(DATA SHOWN):
definition adjoint_pair :: "nat \<Rightarrow> nat \<Rightarrow> 'a::comm_ring_1 mat \<Rightarrow> 'a mat \<Rightarrow> 'a mat \<Rightarrow> bool" where
  "adjoint_pair n m phi A As \<longleftrightarrow> A \<in> carrier_mat m n \<and> As \<in> carrier_mat n m \<and>
     (\<forall>g \<in> carrier_vec m. \<forall>z \<in> carrier_vec n. bilin phi (As *\<^sub>v g) z = g \<bullet> (A *\<^sub>v z))"

lemma EO_gens_adjoint_pair:
  "EO_gens n m phi =
     {mat_of_map (n + 2*m) (E_map n m A As) | A As. adjoint_pair n m phi A As} \<union>
     {mat_of_map (n + 2*m) (Estar_map n m B Bs) | B Bs. adjoint_pair n m phi B Bs}"
proof -
  have "(\<forall>y \<in> carrier_vec m. \<forall>z \<in> carrier_vec n. bilin phi (Bs *\<^sub>v y) z = (B *\<^sub>v z) \<bullet> y) \<longleftrightarrow>
        (\<forall>y \<in> carrier_vec m. \<forall>z \<in> carrier_vec n. bilin phi (Bs *\<^sub>v y) z = y \<bullet> (B *\<^sub>v z))"
    if "B \<in> carrier_mat m n" for B Bs :: "'a mat"
    using that comm_scalar_prod[of "B *\<^sub>v _" m] by auto
  then show ?thesis unfolding EO_gens_def adjoint_pair_def by (simp cong: conj_cong)
qed

lemma adjoint_pair_congruence:
  fixes e ei :: "'a::comm_ring_1 mat"
  assumes adj: "adjoint_pair n m phi A As" and phi: "phi \<in> carrier_mat n n"
    and e: "e \<in> carrier_mat n n" and ei: "ei \<in> carrier_mat n n" and inv: "e * ei = 1\<^sub>m n"
  shows "adjoint_pair n m (transpose_mat e * phi * e) (A * e) (ei * As)"
proof -
  have A: "A \<in> carrier_mat m n" and As: "As \<in> carrier_mat n m"
    and adjoint: "\<And>g z. g \<in> carrier_vec m \<Longrightarrow> z \<in> carrier_vec n \<Longrightarrow>
      bilin phi (As *\<^sub>v g) z = g \<bullet> (A *\<^sub>v z)"
    using adj by (auto simp: adjoint_pair_def)
  have "bilin (transpose_mat e * phi * e) ((ei * As) *\<^sub>v g) z = g \<bullet> ((A * e) *\<^sub>v z)"
    if g: "g \<in> carrier_vec m" and z: "z \<in> carrier_vec n" for g z
  proof -
    have "bilin (transpose_mat e * phi * e) ((ei * As) *\<^sub>v g) z =
        bilin phi (e *\<^sub>v ((ei * As) *\<^sub>v g)) (e *\<^sub>v z)"
      by (rule bilin_congruence[OF e phi]) (use ei As g z in auto)
    also have "e *\<^sub>v ((ei * As) *\<^sub>v g) = As *\<^sub>v g"
      using ei As g by (simp add: mult_mat_vec_right_inverse[OF e ei inv])
    also have "bilin phi (As *\<^sub>v g) (e *\<^sub>v z) = g \<bullet> (A *\<^sub>v (e *\<^sub>v z))"
      using e g z by (simp add: adjoint)
    finally show ?thesis using A e z by simp
  qed
  then show ?thesis using A As e ei by (simp add: adjoint_pair_def)
qed

lemma EO_gens_conj:
  fixes e ei :: "'a::comm_ring_1 mat"
  assumes phi: "phi \<in> carrier_mat n n" and e: "e \<in> carrier_mat n n" and ei: "ei \<in> carrier_mat n n"
    and inv: "ei * e = 1\<^sub>m n" "e * ei = 1\<^sub>m n" and M: "M \<in> EO_gens n m phi"
  shows "bdiag_id n m ei * M * bdiag_id n m e \<in> EO_gens n m (transpose_mat e * phi * e)"
proof -
  let ?N = "n + 2*m" and ?D = "bdiag_id n m"
  from M consider
      (E) A As where "M = mat_of_map ?N (E_map n m A As)" "adjoint_pair n m phi A As"
    | (Estar) B Bs where "M = mat_of_map ?N (Estar_map n m B Bs)" "adjoint_pair n m phi B Bs"
    unfolding EO_gens_adjoint_pair by blast
  then show ?thesis
  proof cases
    case E
    then have A: "A \<in> carrier_mat m n" and As: "As \<in> carrier_mat n m"
      by (auto simp: adjoint_pair_def)
    have "?D ei * M * ?D e = mat_of_map ?N (\<lambda>v. ?D ei *\<^sub>v E_map n m A As (?D e *\<^sub>v v))"
      unfolding E(1) using e ei by (intro mat_of_map_compose linear_E_map A As) auto
    also have "\<dots> = mat_of_map ?N (E_map n m (A * e) (ei * As))"
      by (intro mat_of_map_cong E_map_conj[OF A As e ei inv])
    finally show ?thesis
      using adjoint_pair_congruence[OF E(2) phi e ei inv(2)] by (auto simp: EO_gens_adjoint_pair)
  next
    case Estar
    then have B: "B \<in> carrier_mat m n" and Bs: "Bs \<in> carrier_mat n m"
      by (auto simp: adjoint_pair_def)
    have "?D ei * M * ?D e = mat_of_map ?N (\<lambda>v. ?D ei *\<^sub>v Estar_map n m B Bs (?D e *\<^sub>v v))"
      unfolding Estar(1) using e ei by (intro mat_of_map_compose linear_Estar_map B Bs) auto
    also have "\<dots> = mat_of_map ?N (Estar_map n m (B * e) (ei * Bs))"
      by (intro mat_of_map_cong Estar_map_conj[OF B Bs e ei inv])
    finally show ?thesis
      using adjoint_pair_congruence[OF Estar(2) phi e ei inv(2)] by (auto simp: EO_gens_adjoint_pair)
  qed
qed

lemma EO_carrier: "M \<in> EO n m phi \<Longrightarrow> M \<in> carrier_mat (n + 2*m) (n + 2*m)"
  by (induction rule: EO.induct) (auto simp: EO_gens_def)

lemma EO_conj:
  fixes e ei :: "'a::comm_ring_1 mat"
  assumes phi: "phi \<in> carrier_mat n n" and e: "e \<in> carrier_mat n n" and ei: "ei \<in> carrier_mat n n"
    and inv: "ei * e = 1\<^sub>m n" "e * ei = 1\<^sub>m n" and M: "M \<in> EO n m phi"
  shows "bdiag_id n m ei * M * bdiag_id n m e \<in> EO n m (transpose_mat e * phi * e)"
proof -
  let ?P = "bdiag_id n m ei" and ?Q = "bdiag_id n m e" and ?N = "n + 2*m"
  have P: "?P \<in> carrier_mat ?N ?N" and Q: "?Q \<in> carrier_mat ?N ?N" using e ei by auto
  have PQ: "?P * ?Q = 1\<^sub>m ?N" and QP: "?Q * ?P = 1\<^sub>m ?N"
    using e ei inv by (simp_all add: bdiag_id_mult)
  note conj_mult = similar_mat_mult[OF P Q QP]
  from M show ?thesis
  proof (induction rule: EO.induct)
    case EO_one
    show ?case using P PQ EO.EO_one by simp
  next
    case (EO_gen M)
    show ?case using EO_gens_conj[OF phi e ei inv EO_gen] by (rule EO.EO_gen)
  next
    case (EO_mult M M')
    then show ?case using conj_mult[OF EO_carrier EO_carrier] EO.EO_mult by metis
  next
    case (EO_inv M M')
    have "(?P * M * ?Q) * (?P * M' * ?Q) = 1\<^sub>m ?N" "(?P * M' * ?Q) * (?P * M * ?Q) = 1\<^sub>m ?N"
      using EO_inv P PQ by (simp_all flip: conj_mult[OF EO_carrier[OF EO_inv(1)] EO_inv(2)]
          conj_mult[OF EO_inv(2) EO_carrier[OF EO_inv(1)]])
    then show ?case using EO.EO_inv[OF EO_inv(5)] P Q EO_inv(2) by auto
  qed
qed

theorem mainTheorem13:
  fixes n m :: nat
    and phi' phis eps eps_inv :: "'a::comm_ring_1 mat"
  assumes two_inv: "\<exists>h::'a. 2 * h = 1"
    and "inv_sym_mat n phi'" and "inv_sym_mat n phis"
    and "eps \<in> carrier_mat n n" and "eps_inv \<in> carrier_mat n n"
    and "eps * eps_inv = 1\<^sub>m n" and "eps_inv * eps = 1\<^sub>m n"
    and "phi' = transpose_mat eps * phis * eps"
    and "m \<ge> 1"
  shows "EO n m phi' = {bdiag_id n m eps_inv * M * bdiag_id n m eps | M. M \<in> EO n m phis}"
proof -
  note e = assms(4) and ei = assms(5) and inv = assms(7,6) and phi' = assms(8)
  have phis: "phis \<in> carrier_mat n n" and phi'_carrier: "phi' \<in> carrier_mat n n"
    using assms(2,3) by (auto simp: inv_sym_mat_def)
  then have phis_eq: "phis = transpose_mat eps_inv * phi' * eps_inv"
    unfolding phi' using congruent_mat_inverse[OF phis e ei inv(2)] by simp
  let ?P = "bdiag_id n m eps_inv" and ?Q = "bdiag_id n m eps" and ?N = "n + 2*m"
  have "M = ?P * (?Q * M * ?P) * ?Q" if "M \<in> carrier_mat ?N ?N" for M
    using similar_mat_cancel[OF _ _ _ that] e ei inv by (simp add: bdiag_id_mult)
  moreover have "?Q * M * ?P \<in> EO n m phis" if "M \<in> EO n m phi'" for M
    using EO_conj[OF phi'_carrier ei e inv(2,1) that] by (simp flip: phis_eq)
  moreover have "?P * M * ?Q \<in> EO n m phi'" if "M \<in> EO n m phis" for M
    using EO_conj[OF phis e ei inv that] by (simp flip: phi')
  ultimately show ?thesis using EO_carrier by blast
qed

end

(WHAT THE TASK REQUIRES): Every line from the top of the material through the line containing "carrier_mat n m \<and>" must be transcribed exactly, and no other line may appear.

(OUTPUT FOR THIS TASK):
definition adjoint_pair :: "nat \<Rightarrow> nat \<Rightarrow> 'a::comm_ring_1 mat \<Rightarrow> 'a mat \<Rightarrow> 'a mat \<Rightarrow> bool" where
  "adjoint_pair n m phi A As \<longleftrightarrow> A \<in> carrier_mat m n \<and> As \<in> carrier_mat n m \<and>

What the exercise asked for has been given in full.